--- EXERCISE DATA ---
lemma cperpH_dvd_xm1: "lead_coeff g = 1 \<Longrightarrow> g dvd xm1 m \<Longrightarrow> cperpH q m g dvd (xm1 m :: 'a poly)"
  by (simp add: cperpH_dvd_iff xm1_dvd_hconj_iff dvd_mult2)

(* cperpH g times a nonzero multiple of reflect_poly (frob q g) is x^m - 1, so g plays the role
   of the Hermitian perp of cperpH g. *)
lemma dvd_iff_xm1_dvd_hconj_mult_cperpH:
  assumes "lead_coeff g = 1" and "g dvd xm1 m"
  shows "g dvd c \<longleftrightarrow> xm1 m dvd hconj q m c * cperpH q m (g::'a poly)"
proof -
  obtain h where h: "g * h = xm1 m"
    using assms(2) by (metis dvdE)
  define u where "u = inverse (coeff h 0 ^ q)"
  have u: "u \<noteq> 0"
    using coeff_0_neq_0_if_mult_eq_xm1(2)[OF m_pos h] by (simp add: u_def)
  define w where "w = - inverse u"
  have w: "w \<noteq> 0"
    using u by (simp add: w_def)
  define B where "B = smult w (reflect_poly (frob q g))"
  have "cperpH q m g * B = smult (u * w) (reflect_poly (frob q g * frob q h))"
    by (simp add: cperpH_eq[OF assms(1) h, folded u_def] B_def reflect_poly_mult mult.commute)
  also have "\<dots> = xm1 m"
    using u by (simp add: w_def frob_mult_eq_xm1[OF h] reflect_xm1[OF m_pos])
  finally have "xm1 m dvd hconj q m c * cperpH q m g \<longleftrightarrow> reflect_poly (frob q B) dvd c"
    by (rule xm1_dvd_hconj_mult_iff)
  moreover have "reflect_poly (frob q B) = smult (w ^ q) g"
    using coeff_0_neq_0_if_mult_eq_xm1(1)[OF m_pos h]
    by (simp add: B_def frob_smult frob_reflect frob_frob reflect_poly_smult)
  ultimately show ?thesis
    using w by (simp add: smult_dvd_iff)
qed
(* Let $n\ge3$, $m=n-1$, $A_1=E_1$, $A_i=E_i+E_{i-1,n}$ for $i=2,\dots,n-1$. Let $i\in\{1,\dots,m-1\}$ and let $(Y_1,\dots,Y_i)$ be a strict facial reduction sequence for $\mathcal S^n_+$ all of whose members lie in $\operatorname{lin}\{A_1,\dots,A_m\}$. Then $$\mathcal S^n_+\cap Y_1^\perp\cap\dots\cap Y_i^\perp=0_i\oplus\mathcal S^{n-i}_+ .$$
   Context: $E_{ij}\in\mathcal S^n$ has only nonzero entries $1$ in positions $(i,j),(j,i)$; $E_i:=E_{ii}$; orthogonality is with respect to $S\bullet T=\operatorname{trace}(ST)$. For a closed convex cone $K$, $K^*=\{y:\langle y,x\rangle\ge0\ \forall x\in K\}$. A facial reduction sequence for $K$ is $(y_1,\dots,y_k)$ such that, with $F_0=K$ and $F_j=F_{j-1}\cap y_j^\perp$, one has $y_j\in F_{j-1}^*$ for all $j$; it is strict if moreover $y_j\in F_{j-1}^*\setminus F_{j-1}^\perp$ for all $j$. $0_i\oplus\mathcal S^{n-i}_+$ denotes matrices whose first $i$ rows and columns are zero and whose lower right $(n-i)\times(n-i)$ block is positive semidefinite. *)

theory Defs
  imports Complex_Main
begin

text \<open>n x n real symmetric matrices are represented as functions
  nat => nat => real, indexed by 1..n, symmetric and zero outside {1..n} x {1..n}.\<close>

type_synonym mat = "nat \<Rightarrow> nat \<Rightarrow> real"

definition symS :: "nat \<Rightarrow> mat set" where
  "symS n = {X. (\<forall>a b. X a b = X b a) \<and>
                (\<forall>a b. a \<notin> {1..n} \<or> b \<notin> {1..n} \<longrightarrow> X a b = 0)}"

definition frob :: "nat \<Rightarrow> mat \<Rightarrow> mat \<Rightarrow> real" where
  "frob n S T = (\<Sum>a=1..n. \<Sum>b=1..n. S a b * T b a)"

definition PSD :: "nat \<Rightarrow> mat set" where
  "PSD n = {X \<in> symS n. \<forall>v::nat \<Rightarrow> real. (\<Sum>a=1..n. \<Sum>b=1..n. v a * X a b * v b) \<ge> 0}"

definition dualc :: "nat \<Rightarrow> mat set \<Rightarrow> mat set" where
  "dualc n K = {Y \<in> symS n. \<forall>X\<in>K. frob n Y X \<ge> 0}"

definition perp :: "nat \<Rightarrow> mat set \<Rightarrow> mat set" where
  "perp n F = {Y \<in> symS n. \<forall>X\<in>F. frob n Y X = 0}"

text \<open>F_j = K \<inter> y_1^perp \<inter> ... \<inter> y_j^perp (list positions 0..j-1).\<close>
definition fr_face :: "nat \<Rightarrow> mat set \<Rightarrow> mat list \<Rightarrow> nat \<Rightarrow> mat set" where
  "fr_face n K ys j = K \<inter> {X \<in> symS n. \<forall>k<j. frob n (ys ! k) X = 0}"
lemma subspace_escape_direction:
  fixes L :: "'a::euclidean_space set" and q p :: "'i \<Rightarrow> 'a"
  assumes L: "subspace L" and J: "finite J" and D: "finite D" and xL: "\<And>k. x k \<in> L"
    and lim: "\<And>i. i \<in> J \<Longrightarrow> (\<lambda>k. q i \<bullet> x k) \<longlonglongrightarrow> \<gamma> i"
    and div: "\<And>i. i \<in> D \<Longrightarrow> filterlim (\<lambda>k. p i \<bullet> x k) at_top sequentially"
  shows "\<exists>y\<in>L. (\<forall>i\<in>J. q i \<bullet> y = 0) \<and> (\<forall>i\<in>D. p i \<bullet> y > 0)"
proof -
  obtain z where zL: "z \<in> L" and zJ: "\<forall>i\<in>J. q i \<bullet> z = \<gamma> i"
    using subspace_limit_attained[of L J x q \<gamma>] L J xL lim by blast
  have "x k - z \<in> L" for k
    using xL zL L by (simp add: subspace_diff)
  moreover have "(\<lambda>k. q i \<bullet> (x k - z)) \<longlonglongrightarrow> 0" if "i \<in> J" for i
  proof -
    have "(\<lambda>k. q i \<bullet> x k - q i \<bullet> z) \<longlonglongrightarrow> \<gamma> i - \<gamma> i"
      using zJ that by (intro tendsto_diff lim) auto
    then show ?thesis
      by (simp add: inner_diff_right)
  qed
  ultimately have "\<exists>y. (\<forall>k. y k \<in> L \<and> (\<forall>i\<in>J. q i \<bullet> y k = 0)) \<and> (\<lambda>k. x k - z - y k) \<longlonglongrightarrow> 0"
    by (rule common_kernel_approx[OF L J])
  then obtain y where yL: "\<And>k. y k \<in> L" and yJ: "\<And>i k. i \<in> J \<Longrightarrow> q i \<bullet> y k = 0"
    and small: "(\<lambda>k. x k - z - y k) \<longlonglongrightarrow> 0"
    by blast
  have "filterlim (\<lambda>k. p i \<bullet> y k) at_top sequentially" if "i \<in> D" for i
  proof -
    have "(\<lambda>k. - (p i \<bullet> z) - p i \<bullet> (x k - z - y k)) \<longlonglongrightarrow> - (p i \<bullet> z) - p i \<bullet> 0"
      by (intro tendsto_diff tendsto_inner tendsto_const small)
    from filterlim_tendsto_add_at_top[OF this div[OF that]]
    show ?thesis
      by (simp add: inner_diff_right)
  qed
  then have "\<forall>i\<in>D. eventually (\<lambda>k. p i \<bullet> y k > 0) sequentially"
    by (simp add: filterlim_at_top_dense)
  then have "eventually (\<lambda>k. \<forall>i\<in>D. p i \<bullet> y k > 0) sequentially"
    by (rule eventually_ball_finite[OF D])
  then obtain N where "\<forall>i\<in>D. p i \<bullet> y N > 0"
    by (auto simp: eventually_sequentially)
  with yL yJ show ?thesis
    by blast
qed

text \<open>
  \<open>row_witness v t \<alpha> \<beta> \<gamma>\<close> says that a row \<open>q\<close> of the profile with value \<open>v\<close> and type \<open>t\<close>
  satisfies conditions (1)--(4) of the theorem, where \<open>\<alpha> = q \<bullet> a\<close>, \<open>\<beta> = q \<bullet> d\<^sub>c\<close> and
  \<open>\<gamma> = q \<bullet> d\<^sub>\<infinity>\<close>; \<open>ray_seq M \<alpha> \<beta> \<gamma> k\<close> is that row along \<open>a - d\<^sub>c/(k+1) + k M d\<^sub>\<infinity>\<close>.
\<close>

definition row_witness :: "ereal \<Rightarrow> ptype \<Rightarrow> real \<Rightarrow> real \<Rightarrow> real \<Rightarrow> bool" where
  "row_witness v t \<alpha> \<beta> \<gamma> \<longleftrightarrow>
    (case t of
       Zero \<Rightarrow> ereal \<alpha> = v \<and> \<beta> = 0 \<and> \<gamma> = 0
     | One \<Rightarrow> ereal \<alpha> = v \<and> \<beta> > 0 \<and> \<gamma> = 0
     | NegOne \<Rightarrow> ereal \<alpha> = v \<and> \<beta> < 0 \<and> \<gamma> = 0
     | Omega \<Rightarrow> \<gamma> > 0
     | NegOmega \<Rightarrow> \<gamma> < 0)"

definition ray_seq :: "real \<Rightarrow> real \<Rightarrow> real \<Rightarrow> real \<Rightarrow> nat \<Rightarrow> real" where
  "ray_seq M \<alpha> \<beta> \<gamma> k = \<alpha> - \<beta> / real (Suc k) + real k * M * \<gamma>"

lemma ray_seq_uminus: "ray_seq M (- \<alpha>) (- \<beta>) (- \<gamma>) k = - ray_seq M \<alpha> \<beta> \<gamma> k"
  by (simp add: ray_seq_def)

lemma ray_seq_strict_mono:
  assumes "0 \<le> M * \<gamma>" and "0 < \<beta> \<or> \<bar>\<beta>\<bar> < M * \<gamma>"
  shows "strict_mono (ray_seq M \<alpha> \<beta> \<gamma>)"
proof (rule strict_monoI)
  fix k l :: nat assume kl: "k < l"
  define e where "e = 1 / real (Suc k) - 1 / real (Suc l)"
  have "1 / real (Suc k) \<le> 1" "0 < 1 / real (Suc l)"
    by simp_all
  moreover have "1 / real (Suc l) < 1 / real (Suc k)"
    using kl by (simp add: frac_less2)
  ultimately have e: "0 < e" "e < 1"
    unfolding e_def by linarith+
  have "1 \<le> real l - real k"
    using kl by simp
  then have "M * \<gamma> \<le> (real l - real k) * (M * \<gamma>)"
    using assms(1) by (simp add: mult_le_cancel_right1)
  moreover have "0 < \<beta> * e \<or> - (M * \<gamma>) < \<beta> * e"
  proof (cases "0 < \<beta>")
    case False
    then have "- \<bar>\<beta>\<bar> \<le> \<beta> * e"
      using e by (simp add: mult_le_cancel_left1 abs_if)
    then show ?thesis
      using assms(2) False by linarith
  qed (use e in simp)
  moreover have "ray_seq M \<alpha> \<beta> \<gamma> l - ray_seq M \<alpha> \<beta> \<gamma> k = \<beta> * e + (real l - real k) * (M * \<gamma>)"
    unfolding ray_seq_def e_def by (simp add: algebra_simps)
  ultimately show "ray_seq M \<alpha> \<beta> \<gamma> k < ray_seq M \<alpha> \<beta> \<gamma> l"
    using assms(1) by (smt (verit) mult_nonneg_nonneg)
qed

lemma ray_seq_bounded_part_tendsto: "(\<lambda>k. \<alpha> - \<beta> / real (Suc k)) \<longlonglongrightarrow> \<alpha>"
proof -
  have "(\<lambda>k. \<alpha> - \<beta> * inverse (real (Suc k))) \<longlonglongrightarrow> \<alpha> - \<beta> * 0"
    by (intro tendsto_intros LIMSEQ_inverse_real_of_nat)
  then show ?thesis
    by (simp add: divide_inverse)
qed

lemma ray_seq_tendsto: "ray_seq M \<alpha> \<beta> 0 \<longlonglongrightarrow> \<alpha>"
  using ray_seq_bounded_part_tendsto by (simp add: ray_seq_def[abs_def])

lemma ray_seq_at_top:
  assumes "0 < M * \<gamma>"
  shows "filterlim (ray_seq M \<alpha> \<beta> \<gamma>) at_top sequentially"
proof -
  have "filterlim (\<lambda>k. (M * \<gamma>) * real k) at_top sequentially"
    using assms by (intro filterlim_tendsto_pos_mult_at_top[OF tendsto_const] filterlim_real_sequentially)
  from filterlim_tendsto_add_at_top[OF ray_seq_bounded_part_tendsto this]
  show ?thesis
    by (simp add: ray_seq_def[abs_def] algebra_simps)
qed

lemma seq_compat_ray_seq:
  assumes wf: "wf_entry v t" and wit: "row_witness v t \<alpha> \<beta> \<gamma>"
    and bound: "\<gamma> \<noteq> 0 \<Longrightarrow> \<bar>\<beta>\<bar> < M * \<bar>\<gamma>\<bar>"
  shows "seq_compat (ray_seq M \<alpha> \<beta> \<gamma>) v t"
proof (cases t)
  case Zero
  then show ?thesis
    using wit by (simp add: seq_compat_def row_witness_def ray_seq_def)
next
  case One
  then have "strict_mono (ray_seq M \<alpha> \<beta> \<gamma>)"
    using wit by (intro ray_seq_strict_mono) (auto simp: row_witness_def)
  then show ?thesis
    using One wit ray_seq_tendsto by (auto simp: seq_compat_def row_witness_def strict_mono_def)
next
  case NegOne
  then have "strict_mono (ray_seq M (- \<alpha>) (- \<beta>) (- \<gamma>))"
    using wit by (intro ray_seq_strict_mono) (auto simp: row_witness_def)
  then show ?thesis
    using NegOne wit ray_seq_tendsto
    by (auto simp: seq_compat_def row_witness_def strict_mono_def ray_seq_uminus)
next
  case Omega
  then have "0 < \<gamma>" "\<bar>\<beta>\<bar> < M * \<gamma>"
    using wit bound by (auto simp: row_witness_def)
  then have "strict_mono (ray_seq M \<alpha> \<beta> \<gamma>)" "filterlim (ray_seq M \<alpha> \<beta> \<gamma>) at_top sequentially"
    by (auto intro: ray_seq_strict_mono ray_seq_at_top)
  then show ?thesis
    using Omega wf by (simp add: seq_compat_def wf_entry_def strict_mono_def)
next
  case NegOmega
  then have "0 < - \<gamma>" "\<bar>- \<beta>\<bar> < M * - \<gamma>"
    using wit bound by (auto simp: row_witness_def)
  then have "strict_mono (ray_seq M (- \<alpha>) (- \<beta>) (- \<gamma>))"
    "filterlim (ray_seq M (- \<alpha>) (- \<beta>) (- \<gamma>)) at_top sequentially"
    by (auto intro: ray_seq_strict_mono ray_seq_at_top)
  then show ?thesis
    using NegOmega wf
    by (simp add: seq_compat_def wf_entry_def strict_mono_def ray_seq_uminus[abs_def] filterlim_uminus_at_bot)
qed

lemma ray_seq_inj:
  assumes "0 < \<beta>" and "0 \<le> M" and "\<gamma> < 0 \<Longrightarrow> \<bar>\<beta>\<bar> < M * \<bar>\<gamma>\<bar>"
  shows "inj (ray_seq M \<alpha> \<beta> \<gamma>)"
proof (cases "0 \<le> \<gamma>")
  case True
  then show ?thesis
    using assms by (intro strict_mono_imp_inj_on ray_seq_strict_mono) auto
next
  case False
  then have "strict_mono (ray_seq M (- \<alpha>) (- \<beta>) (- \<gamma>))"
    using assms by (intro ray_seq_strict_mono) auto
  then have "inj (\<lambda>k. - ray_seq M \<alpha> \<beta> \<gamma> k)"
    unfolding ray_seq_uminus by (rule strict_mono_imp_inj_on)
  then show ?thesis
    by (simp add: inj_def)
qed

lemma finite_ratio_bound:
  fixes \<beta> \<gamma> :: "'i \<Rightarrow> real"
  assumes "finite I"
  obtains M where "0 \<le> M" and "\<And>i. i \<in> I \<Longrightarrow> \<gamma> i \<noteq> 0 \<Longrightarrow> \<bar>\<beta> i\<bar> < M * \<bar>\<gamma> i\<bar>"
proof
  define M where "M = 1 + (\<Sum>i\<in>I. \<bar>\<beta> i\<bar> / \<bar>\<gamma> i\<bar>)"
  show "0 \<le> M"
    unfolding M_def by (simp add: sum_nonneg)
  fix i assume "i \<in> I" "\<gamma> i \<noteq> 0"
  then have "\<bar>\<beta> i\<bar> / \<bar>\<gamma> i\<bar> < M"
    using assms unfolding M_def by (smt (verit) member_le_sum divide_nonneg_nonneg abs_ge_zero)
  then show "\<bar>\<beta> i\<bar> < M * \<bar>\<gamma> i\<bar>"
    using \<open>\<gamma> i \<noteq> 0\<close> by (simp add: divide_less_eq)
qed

--- REQUIREMENT ---
Each line in the listing above that contains "False" should be copied.

--- RESPONSE AREA ---
    case False
      using assms(2) False by linarith
  case False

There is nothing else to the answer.